Он отошел подальше и присел на скамейку. Лариса стояла с Черданцевым минут десять. Она возвратилась смущенная. Черданцев медленно удалялся к театру, потом остановился за оградой сада. Терентьев понял, что он поджидает Ларису.

— Борис Семеныч, не сердитесь на меня! — попросила Лариса. — Я сама не знаю, что делаю.

— Не надо укорять себя понапрасну, Лариса, — сказал Терентьев. — Вы решили идти не в Сокольники, а на спектакль? «Садко» — великолепная опера. Думаю, вам будет весело.

— Мне не будет весело. Но я не могла отказаться. А сейчас меня мучит, что я огорчила вас.

Он взял ее руку.

— Я отпускаю вас, но ставлю условие. Если вы не пообещаете, театра вам сегодня не видать. Я предупреждал, что бываю жесток, так что не сопротивляйтесь.

— Я выполню все ваши условия.

— Только одно: вас не должно мучить, что я огорчен. И вам должно быть весело, по-настоящему весело! А

теперь идите!

Она стояла опустив голову. Он перевел дыхание.

— Идите, Лариса, идите! Нехорошо заставлять себя ждать!

Она еще секунду раздумывала и, ничего не сказав, повернулась. Он протянул ей руку, она не увидела. Из садика она выходила спокойно, потом побежала.

16

Сегодня был первый вечер, когда ему не хотелось на люди, в толчею и шум. И, как назло, на улицах сегодня было особенно много народу. Терентьев вышел на площадь Дзержинского, его обгоняли и теснили, чуть не затолкали в метро в общем потоке, он еле выкарабкался. На переходе через улицу ему засвистел постовой: он, задумавшись, лез на красный свет, под колеса машин.

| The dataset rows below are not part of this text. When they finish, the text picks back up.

lemma sum_firings_less:
  assumes "\<exists>j\<in>nodes N. b N E k j < 0"
  shows "(\<Sum>i\<in>nodes N. firings N E a t i) < N ^ N"
proof -
  let ?Neg = "{j \<in> nodes N. b N E k j < 0}"
  have "N \<noteq> 0" using assms by (auto simp: nodes_def)
  have "(\<Sum>i\<in>nodes N. firings N E a t i) < (\<Sum>i\<in>nodes N. firings N E a t i + 1)"
    using \<open>N \<noteq> 0\<close> by (intro sum_strict_mono) (auto simp: nodes_def)
  also have "\<dots> \<le> (\<Sum>i\<in>nodes N. N ^ (N - 1))"
    using reach_within_eq_nodes[OF sc, of ?Neg] assms firings_bound_on_reach_within
    by (intro sum_mono) auto
  also have "\<dots> = N ^ N" using \<open>N \<noteq> 0\<close> by (simp flip: power_Suc)
  finally show ?thesis .
qed

end

lemma three_mul_self_power_le:
  assumes "2 \<le> N"
  shows "3 * N ^ N \<le> N ^ (2 * N)"
proof -
  have "(2::nat) ^ 2 \<le> N ^ 2" by (rule power_mono) (use assms in auto)
  also have "\<dots> \<le> N ^ N" by (rule power_increasing) (use assms in auto)
  finally have "3 * N ^ N \<le> N ^ N * N ^ N" using mult_le_mono1[of 3 "N ^ N" "N ^ N"] by simp
  then show ?thesis by (simp add: mult_2 power_add)
qed

theorem proposition1:
  fixes N :: nat and E :: "(nat \<times> nat) set" and k :: nat
  assumes "N \<ge> 2"
    and "strongly_connected N E"
    and "eps_norm1 N E k \<ge> 2 * real N * (real N - 1) * stepsize k"
  shows "\<exists>t::nat. k \<le> t \<and> t \<le> k + N ^ (2 * N) \<and> decreasing_event N E t"
proof (rule ccontr)
  assume "\<not> ?thesis"
  then have quiet: "\<not> decreasing_event N E s" if "k \<le> s" "s < k + N ^ (2 * N)" for s
    using that by auto
  from assms(1) have "3 * N ^ N \<le> N ^ (2 * N)" by (rule three_mul_self_power_le)
  then obtain a where a: "k \<le> a" "a + N ^ N \<le> k + N ^ (2 * N)"
    and constant_step: "\<And>s. a \<le> s \<Longrightarrow> s < a + N ^ N \<Longrightarrow> stepsize s = stepsize a"
    by (rule stepsize_constant_subinterval[where k = k]) auto
  have quiet_window: "\<not> decreasing_event N E s" if "k \<le> s" "s < a + N ^ N" for s
    using quiet that a by simp
  have loopless: "\<forall>i\<in>nodes N. (i, i) \<notin> E"
    using assms(2) unfolding strongly_connected_def by blast
  have "\<exists>i\<in>nodes N. fires N E s i" if "a \<le> s" "s < a + N ^ N" for s
    using ex_fires_if_eps_norm1_large[OF assms(1) loopless assms(3)] quiet_window that a(1)
    by simp
  then have "N ^ N \<le> (\<Sum>i\<in>nodes N. firings N E a (a + N ^ N) i)"
    using sum_firings_ge[of a "a + N ^ N" N E] by simp
  moreover have "(\<Sum>i\<in>nodes N. firings N E a (a + N ^ N) i) < N ^ N"
  proof (rule sum_firings_less[OF assms(2) quiet_window a(1) le_add1 constant_step])
    have "0 < 2 * real N * (real N - 1) * stepsize k" using assms(1) stepsize_pos[of k] by simp
    then show "\<exists>j\<in>nodes N. b N E k j < 0"
      using assms(3) by (intro ex_neg_b_if_eps_norm1_pos) linarith
  qed
  ultimately show False by simp
qed

end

Он возвратился назад, снова попал в какую-то людскую струю — его занесло в закусочную на углу Черкасского переулка. Тут он вспомнил, что не обедал, и подкрепился сосисками с капустой и кофе. Пока он выстаивал очереди в кассу и раздаточную, на улицах схлынули людские потоки. Посередине тротуаров текли ручейки пешеходов, от них можно было держаться в стороне. А потом и вовсе стало просторно — Терентьев шел мимо окончивших рабочий день зданий ЦК и МК. Он выбрался — мимо остатков Китайгородской стены — к набережной Москвы-реки. Вечер переходил в ночь. На ярко освещенных улицах ночи нельзя было увидеть, над широкой полосой реки она должна была стать заметной. Терентьеву хотелось подышать свежестью, поглядеть в глаза звездам, насладиться плеском воды.

По набережной с рычанием мчались грузовики, от них несло бензином и мазутом, река тоже пахла нефтью. Киловаттные лампы оттесняли темноту, и здесь звезды светили тускло, их было мало. Терентьев повернул налево и вышел на набережную Яузы. Он нашел наконец то, чего искал. Его со всех сторон окружила ночь.

Он и раньше любил этот уголок Москвы. Грязная Яуза причудливо извивалась меж гранитных стен. Днем ее мутная вода отталкивала, ночью были видны только великолепные набережные, живописно горбатые мосты, высокие, в зелени берега над набережными и мостовыми. Здесь всегда было безлюдно и прохладно, изредка проносились машины, с нависающих берегов доносился приглушенный грохот работающих, как цех, городских магистралей. Терентьев всегда удивлялся, почему на Яузе не бродят парочки, это место было словно создано для влюбленных, для молчаливых прогулок, ласковых слов, горячих ссор, сменяющихся горячими примирениями, вообще для всяческого «выяснения отношений». Он неторопливо двигался вдоль гранитного парапета и, заложив руки за спину, вглядывался в небо. Над Яузой звезд было больше, чем над Москвой-рекой. Он любовался звездами и набережными, заставлял себя думать о разных пустяках, чтоб не прорвались иные, горькие мысли.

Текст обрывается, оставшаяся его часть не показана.